Dataset items:
section \<open>Decay of observables\<close>

lemma exp_decay_if_deriv_le:
  fixes u :: "real \<Rightarrow> real"
  assumes der: "\<And>t. 0 \<le> t \<Longrightarrow> (u has_real_derivative u' t) (at t within {0..})"
    and le: "\<And>t. 0 \<le> t \<Longrightarrow> u' t \<le> - c * u t"
    and t: "0 \<le> t"
  shows "u t \<le> u 0 * exp (- c * t)"
proof -
  define v where "v = (\<lambda>s. exp (c * s) * u s)"
  have "continuous_on {0..} u"
    using der by (auto simp: continuous_on_eq_continuous_within intro: DERIV_continuous)
  then have cont_v: "continuous_on {0..t} v"
    unfolding v_def by (auto intro!: continuous_intros elim: continuous_on_subset)
  have "v t \<le> v 0"
  proof (rule DERIV_nonpos_imp_decreasing_open[OF t _ cont_v])
    fix s assume s: "0 < s" "s < t"
    have "(u has_real_derivative u' s) (at s within {0<..})"
      using s by (intro DERIV_subset[OF der]) auto
    then have "(u has_real_derivative u' s) (at s)"
      using s by (simp add: at_within_open[of s "{0<..}"])
    then have "(v has_real_derivative exp (c * s) * (c * u s + u' s)) (at s)"
      unfolding v_def by (auto intro!: derivative_eq_intros simp: algebra_simps)
    moreover have "exp (c * s) * (c * u s + u' s) \<le> 0"
      using le[of s] s by (intro mult_nonneg_nonpos) auto
    ultimately show "\<exists>y. (v has_real_derivative y) (at s) \<and> y \<le> 0" by blast
  qed
  then show ?thesis by (simp add: v_def exp_minus field_simps)
qed

lemma has_vector_derivative_trace_observable:
  assumes "lindblad_solution H L K \<rho>" "H ** X = X ** H" "0 \<le> t"
  shows "((\<lambda>t. Re (ctrace (X ** \<rho> t))) has_real_derivative
      Re (ctrace ((\<Sum>k\<in>{1..K}. gen (L k) X) ** \<rho> t))) (at t within {0..})"
proof -
  have "(\<rho> has_vector_derivative lindblad H L K (\<rho> t)) (at t within {0..})"
    using assms by (simp add: lindblad_solution_def)
  from bounded_linear.has_vector_derivative[OF bounded_linear_Re_ctrace_mult[of X] this]
  show ?thesis
    unfolding has_real_derivative_iff_has_vector_derivative trace_mult_lindblad[OF assms(2)] .
qed

lemma trace_generator_le:
  fixes L :: "nat \<Rightarrow> 'n::finite cmat"
  assumes "k \<in> {1..K}" "psd A"
    and "loewner_le (gen (L k) X) (cscale (- complex_of_real c) X)"
    and "loewner_le (\<Sum>k'\<in>{1..K} - {k}. gen (L k') X) 0"
  shows "Re (ctrace ((\<Sum>k\<in>{1..K}. gen (L k) X) ** A)) \<le> - c * Re (ctrace (X ** A))"
proof -
  define P where "P = cscale (- complex_of_real c) X - gen (L k) X"
  define Q where "Q = 0 - (\<Sum>k'\<in>{1..K} - {k}. gen (L k') X)"
  have "psd P" "psd Q" using assms(3,4) by (simp_all add: loewner_le_def P_def Q_def)
  have "(\<Sum>k\<in>{1..K}. gen (L k) X) = gen (L k) X + (\<Sum>k'\<in>{1..K} - {k}. gen (L k') X)"
    by (rule sum.remove) (use assms(1) in auto)
  then have "(\<Sum>k\<in>{1..K}. gen (L k) X) = cscale (- complex_of_real c) X - P - Q"
    by (simp add: P_def Q_def)
  then have "Re (ctrace ((\<Sum>k\<in>{1..K}. gen (L k) X) ** A))
      = - c * Re (ctrace (X ** A)) - Re (ctrace (P ** A)) - Re (ctrace (Q ** A))"
    by (simp add: matrix_diff_rdistrib ctrace_diff cscale_mult_left ctrace_cscale)
  then show ?thesis
    using trace_mult_psd_nonneg[OF \<open>psd P\<close> assms(2)] trace_mult_psd_nonneg[OF \<open>psd Q\<close> assms(2)]
    by linarith
qed

lemma lindblad_trace_observable_tendsto_0:
  assumes hH: "hermitian H" and sol: "lindblad_solution H L K \<rho>" and psd0: "psd (\<rho> 0)"
    and comm: "H ** X = X ** H" and psdX: "psd X"
    and k: "k \<in> {1..K}" and c: "0 < c"
    and le1: "loewner_le (gen (L k) X) (cscale (- complex_of_real c) X)"
    and le2: "loewner_le (\<Sum>k'\<in>{1..K} - {k}. gen (L k') X) 0"
  shows "((\<lambda>t. ctrace (X ** \<rho> t)) \<longlongrightarrow> 0) at_top"
proof -
  define u where "u = (\<lambda>t. Re (ctrace (X ** \<rho> t)))"
  have psd_t: "psd (\<rho> t)" if "0 \<le> t" for t using lindblad_solution_psd[OF hH sol psd0 that] .
  have "u t \<le> u 0 * exp (- c * t)" if "0 \<le> t" for t
    unfolding u_def
    by (rule exp_decay_if_deriv_le[OF has_vector_derivative_trace_observable[OF sol comm]
          trace_generator_le[OF k psd_t le1 le2] that])
  moreover have "0 \<le> u t" if "0 \<le> t" for t
    using trace_mult_psd_nonneg[OF psdX psd_t[OF that]] by (simp add: u_def)
  moreover have "((\<lambda>t. u 0 * exp (- c * t)) \<longlongrightarrow> 0) at_top"
  proof -
    have "filterlim (\<lambda>t. c * t) at_top at_top"
      using c by (intro filterlim_tendsto_pos_mult_at_top[OF tendsto_const _ filterlim_ident])
    then have "filterlim (\<lambda>t. - c * t) at_bot at_top"
      by (simp add: filterlim_uminus_at_bot)
    from tendsto_mult_right_zero[OF filterlim_compose[OF exp_at_bot this]] show ?thesis .
  qed
  ultimately have "(u \<longlongrightarrow> 0) at_top"
    by (intro tendsto_sandwich[of "\<lambda>_. 0" u at_top "\<lambda>t. u 0 * exp (- c * t)"]
        eventually_mono[OF eventually_ge_at_top[of 0]]) auto
  then have "((\<lambda>t. complex_of_real (u t)) \<longlongrightarrow> 0) at_top"
    using tendsto_of_real by fastforce
  moreover have "complex_of_real (u t) = ctrace (X ** \<rho> t)" if "0 \<le> t" for t
    using trace_mult_hermitian_real[of X "\<rho> t"] psdX psd_t[OF that] by (simp add: psd_def u_def)
  then have "eventually (\<lambda>t. complex_of_real (u t) = ctrace (X ** \<rho> t)) at_top"
    by (rule eventually_mono[OF eventually_ge_at_top[of "0::real"]])
  ultimately show ?thesis by (rule Lim_transform_eventually)
qed

lemma eigenvalue_0_if_trace_tendsto_0:
  fixes \<rho> :: "real \<Rightarrow> 'n::finite cmat"
  assumes psdW: "psd W" and dens: "\<And>t. 0 \<le> t \<Longrightarrow> density (\<rho> t)"
    and lim: "((\<lambda>t. ctrace (W ** \<rho> t)) \<longlongrightarrow> 0) at_top"
  shows "is_eigenvalue W 0"
proof (rule ccontr)
  assume "\<not> is_eigenvalue W 0"
  then obtain m where m: "0 < m" "\<And>x. m * (norm x)^2 \<le> Re (qform W x)"
    using psd_coercive_if_not_eigenvalue_0[OF psdW] by blast
  have "m \<le> Re (ctrace (W ** \<rho> t))" if "0 \<le> t" for t
  proof -
    from dens[OF that] have "psd (\<rho> t)" "ctrace (\<rho> t) = 1" by (auto simp: density_def)
    with trace_mult_ge_if_coercive[of "\<rho> t" W m] psdW m(2) show ?thesis by (simp add: psd_def)
  qed
  then have "eventually (\<lambda>t. m \<le> Re (ctrace (W ** \<rho> t))) at_top"
    by (rule eventually_mono[OF eventually_ge_at_top[of "0::real"]])
  moreover have "((\<lambda>t. Re (ctrace (W ** \<rho> t))) \<longlongrightarrow> 0) at_top"
    using tendsto_Re[OF lim] by simp
  ultimately show False using tendsto_lowerbound[of _ 0 at_top m] m(1) by force
qed

lemma min_eigenvalue_eq_0:
  assumes "psd W" "is_eigenvalue W 0" "is_min_eigenvalue W d"
  shows "d = 0"
  using assms psd_eigenvalue_nonneg[of W "complex_of_real d"]
  by (force simp: is_min_eigenvalue_def)

theorem theorem17:
  fixes H :: "'n::finite cmat" and L :: "nat \<Rightarrow> 'n cmat" and K :: nat
    and Wl :: "nat \<Rightarrow> 'n cmat" and N :: nat
  assumes herm_H: "hermitian H"
    and comm: "\<And>l. l \<in> {1..N} \<Longrightarrow> H ** Wl l = Wl l ** H"
    and psd_W: "\<And>l. l \<in> {1..N} \<Longrightarrow> psd (Wl l)"
    and ground0: "\<And>l. l \<in> {1..N} \<Longrightarrow> is_min_eigenvalue (Wl l) 0"
    and decay: "\<And>l. l \<in> {1..N} \<Longrightarrow> \<exists>k\<in>{1..K}. \<exists>c>0.
          loewner_le (gen (L k) (Wl l)) (cscale (- complex_of_real c) (Wl l)) \<and>
          loewner_le (\<Sum>k'\<in>{1..K} - {k}. gen (L k') (Wl l)) 0"
  shows "agss H L K (\<Sum>l\<in>{1..N}. Wl l)"
  unfolding agss_def
proof (intro allI impI)
  fix d \<rho>
  assume min: "is_min_eigenvalue (\<Sum>l\<in>{1..N}. Wl l) d"
    and sol: "lindblad_solution H L K \<rho>" and dens0: "density (\<rho> 0)"
  have "((\<lambda>t. ctrace (Wl l ** \<rho> t)) \<longlongrightarrow> 0) at_top" if l: "l \<in> {1..N}" for l
    using decay[OF l] dens0 lindblad_trace_observable_tendsto_0[OF herm_H sol _ comm[OF l] psd_W[OF l]]
    by (auto simp: density_def)
  then have lim: "((\<lambda>t. ctrace ((\<Sum>l\<in>{1..N}. Wl l) ** \<rho> t)) \<longlongrightarrow> 0) at_top"
    unfolding matrix_sum_rdistrib ctrace_sum by (rule tendsto_null_sum)
  have psd: "psd (\<Sum>l\<in>{1..N}. Wl l)" by (rule psd_sum) (rule psd_W)
  have "is_eigenvalue (\<Sum>l\<in>{1..N}. Wl l) 0"
    using eigenvalue_0_if_trace_tendsto_0[OF psd _ lim]
      lindblad_solution_density[OF herm_H sol dens0] by blast
  then have "d = 0" by (rule min_eigenvalue_eq_0[OF psd _ min])
  with lim show "((\<lambda>t. ctrace ((\<Sum>l\<in>{1..N}. Wl l) ** \<rho> t)) \<longlongrightarrow> complex_of_real d) at_top"
    by simp
qed

end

§ **Aim of the exercise**
Beginning with the line that has "by (rule exp_decay_if_deriv_le[OF" and ending with the line that has "using tendsto_of_real by fastforce", set down the lines above exactly and include no others.

§ **Task solution**
    by (rule exp_decay_if_deriv_le[OF has_vector_derivative_trace_observable[OF sol comm]
          trace_generator_le[OF k psd_t le1 le2] that])
  moreover have "0 \<le> u t" if "0 \<le> t" for t
    using trace_mult_psd_nonneg[OF psdX psd_t[OF that]] by (simp add: u_def)
  moreover have "((\<lambda>t. u 0 * exp (- c * t)) \<longlongrightarrow> 0) at_top"
  proof -
    have "filterlim (\<lambda>t. c * t) at_top at_top"
      using c by (intro filterlim_tendsto_pos_mult_at_top[OF tendsto_const _ filterlim_ident])
    then have "filterlim (\<lambda>t. - c * t) at_bot at_top"
      by (simp add: filterlim_uminus_at_bot)
    from tendsto_mult_right_zero[OF filterlim_compose[OF exp_at_bot this]] show ?thesis .
  qed
  ultimately have "(u \<longlongrightarrow> 0) at_top"
    by (intro tendsto_sandwich[of "\<lambda>_. 0" u at_top "\<lambda>t. u 0 * exp (- c * t)"]
        eventually_mono[OF eventually_ge_at_top[of 0]]) auto
  then have "((\<lambda>t. complex_of_real (u t)) \<longlongrightarrow> 0) at_top"
    using tendsto_of_real by fastforce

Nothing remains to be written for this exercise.